For the entries below, repeat exactly each line starting with the one that contains "w(|\rho|)|D_\rho u(\ell)|$. *)" and going on through the one that contains "m \<and> (\<forall>k\<in>Lam'.", and no others.
───── DATA RECORDS
(* Let $\Lambda$ satisfy (RC). There exists a bounded linear operator $I^{\rm h}_2:\dot{\mathscr U}^{1,2}(\Lambda)\to\dot{\mathscr U}^{1,2}(\Lambda^{\rm h})$ and $C>0$ such that $\|DI^{\rm h}_2u\|_{\ell^2_{\mathcal N}(\Lambda^{\rm h})}\le C\|Du\|_{\ell^2_{\mathcal N}(\Lambda)}$ and $I^{\rm h}_2u(\ell)=u(\ell)$ for all $|\ell|>R_{\rm def}$ and all $u\in\dot{\mathscr U}^{1,2}(\Lambda)$. Moreover, there is $c_0\in(0,1]$ such that for every $r>0$ there exists $R\ge r$ with $$\sum_{\ell\in\Lambda^{\rm h}\cap B_r}|DI^{\rm h}_2u(\ell)|_{\mathfrak w,1}\le C\sum_{\ell\in\Lambda\cap B_R}|Du(\ell)|_{\tilde{\mathfrak w},1}$$ for all $\mathfrak w\in\mathscr L_1$ and $u\in\dot{\mathscr U}^{1,2}(\Lambda)$, where $\tilde{\mathfrak w}(t):=\mathfrak w(c_0t)$ (which lies in $\mathscr L_1$).
   Context: Let $d\in\{2,3\}$, $\mathsf d_s\in\{2,3\}$. $B_R$ is the open ball of radius $R$ at $0$. $A\in\mathbb R^{d\times d}$ nonsingular, $\Lambda^{\rm h}:=A\mathbb Z^d$. A set $\Lambda\subset\mathbb R^d$ satisfies (RC) if there is $R_{\rm def}>0$ with $\Lambda\setminus B_{R_{\rm def}}=\Lambda^{\rm h}\setminus B_{R_{\rm def}}$ and $\Lambda\cap B_{R_{\rm def}}$ finite. For $\Lambda'\in\{\Lambda,\Lambda^{\rm h}\}$ and $\ell\in\Lambda'$: $\Lambda'-\ell:=\{m-\ell:m\in\Lambda'\setminus\{\ell\}\}$; $\mathcal N(\ell)$ is the set of $m\in\Lambda'\setminus\{\ell\}$ for which some $a$ has $|a-\ell|=|a-m|\le|a-k|$ for all $k\in\Lambda'$. For $u:\Lambda'\to\mathbb R^{\mathsf d_s}$: $D_\rho u(\ell):=u(\ell+\rho)-u(\ell)$, $\|Du\|_{\ell^2_{\mathcal N}(\Lambda')}:=(\sum_\ell\sum_{\rho\in\mathcal N(\ell)-\ell}|D_\rho u(\ell)|^2)^{1/2}$, $\dot{\mathscr U}^{1,2}(\Lambda'):=\{u:\|Du\|_{\ell^2_{\mathcal N}(\Lambda')}<\infty\}$. $\mathscr L_1$ is the set of monotonically decreasing $\mathfrak w:[0,\infty)\to(0,\infty)$ with $\|\mathfrak w\|_{L^\infty}+\int_0^\infty r^{d}\mathfrak w(r)dr<\infty$, and $|Du(\ell)|_{\mathfrak w,1}:=\sum_{\rho\in\Lambda'-\ell}\mathfrak w(|\rho|)|D_\rho u(\ell)|$. *)

theory Defs
  imports "HOL-Analysis.Analysis"
begin

definition hom_lattice :: "real^'d^'d \<Rightarrow> (real^'d) set" where
  "hom_lattice A = range (\<lambda>z::int^'d. A *v (\<chi> i. real_of_int (z $ i)))"

definition RC :: "(real^'d) set \<Rightarrow> (real^'d) set \<Rightarrow> real \<Rightarrow> bool" where
  "RC Lam Lamh Rdef \<longleftrightarrow> Rdef > 0 \<and> Lam - ball 0 Rdef = Lamh - ball 0 Rdef
     \<and> finite (Lam \<inter> ball 0 Rdef)"

text \<open>Voronoi neighbours N(l) of a site l in the set Lam'.\<close>
definition nbrs :: "(real^'d) set \<Rightarrow> real^'d \<Rightarrow> (real^'d) set" where
  "nbrs Lam' l = {m \<in> Lam' - {l}. \<exists>a. dist a l = dist a m \<and> (\<forall>k\<in>Lam'. dist a l \<le> dist a k)}"

definition nb_pairs :: "(real^'d) set \<Rightarrow> ((real^'d) \<times> (real^'d)) set" where
  "nb_pairs Lam' = {(l, m). l \<in> Lam' \<and> m \<in> nbrs Lam' l}"

definition Dnorm_sq_terms :: "(real^'d \<Rightarrow> real^'s) \<Rightarrow> (real^'d) \<times> (real^'d) \<Rightarrow> real" where
  "Dnorm_sq_terms u = (\<lambda>(l, m). (norm (u m - u l))^2)"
──────────
• _YOUR SOLUTION_:
   Context: Let $d\in\{2,3\}$, $\mathsf d_s\in\{2,3\}$. $B_R$ is the open ball of radius $R$ at $0$. $A\in\mathbb R^{d\times d}$ nonsingular, $\Lambda^{\rm h}:=A\mathbb Z^d$. A set $\Lambda\subset\mathbb R^d$ satisfies (RC) if there is $R_{\rm def}>0$ with $\Lambda\setminus B_{R_{\rm def}}=\Lambda^{\rm h}\setminus B_{R_{\rm def}}$ and $\Lambda\cap B_{R_{\rm def}}$ finite. For $\Lambda'\in\{\Lambda,\Lambda^{\rm h}\}$ and $\ell\in\Lambda'$: $\Lambda'-\ell:=\{m-\ell:m\in\Lambda'\setminus\{\ell\}\}$; $\mathcal N(\ell)$ is the set of $m\in\Lambda'\setminus\{\ell\}$ for which some $a$ has $|a-\ell|=|a-m|\le|a-k|$ for all $k\in\Lambda'$. For $u:\Lambda'\to\mathbb R^{\mathsf d_s}$: $D_\rho u(\ell):=u(\ell+\rho)-u(\ell)$, $\|Du\|_{\ell^2_{\mathcal N}(\Lambda')}:=(\sum_\ell\sum_{\rho\in\mathcal N(\ell)-\ell}|D_\rho u(\ell)|^2)^{1/2}$, $\dot{\mathscr U}^{1,2}(\Lambda'):=\{u:\|Du\|_{\ell^2_{\mathcal N}(\Lambda')}<\infty\}$. $\mathscr L_1$ is the set of monotonically decreasing $\mathfrak w:[0,\infty)\to(0,\infty)$ with $\|\mathfrak w\|_{L^\infty}+\int_0^\infty r^{d}\mathfrak w(r)dr<\infty$, and $|Du(\ell)|_{\mathfrak w,1}:=\sum_{\rho\in\Lambda'-\ell}\mathfrak w(|\rho|)|D_\rho u(\ell)|$. *)

theory Defs
  imports "HOL-Analysis.Analysis"
begin

definition hom_lattice :: "real^'d^'d \<Rightarrow> (real^'d) set" where
  "hom_lattice A = range (\<lambda>z::int^'d. A *v (\<chi> i. real_of_int (z $ i)))"

definition RC :: "(real^'d) set \<Rightarrow> (real^'d) set \<Rightarrow> real \<Rightarrow> bool" where
  "RC Lam Lamh Rdef \<longleftrightarrow> Rdef > 0 \<and> Lam - ball 0 Rdef = Lamh - ball 0 Rdef
     \<and> finite (Lam \<inter> ball 0 Rdef)"

text \<open>Voronoi neighbours N(l) of a site l in the set Lam'.\<close>
definition nbrs :: "(real^'d) set \<Rightarrow> real^'d \<Rightarrow> (real^'d) set" where
  "nbrs Lam' l = {m \<in> Lam' - {l}. \<exists>a. dist a l = dist a m \<and> (\<forall>k\<in>Lam'. dist a l \<le> dist a k)}"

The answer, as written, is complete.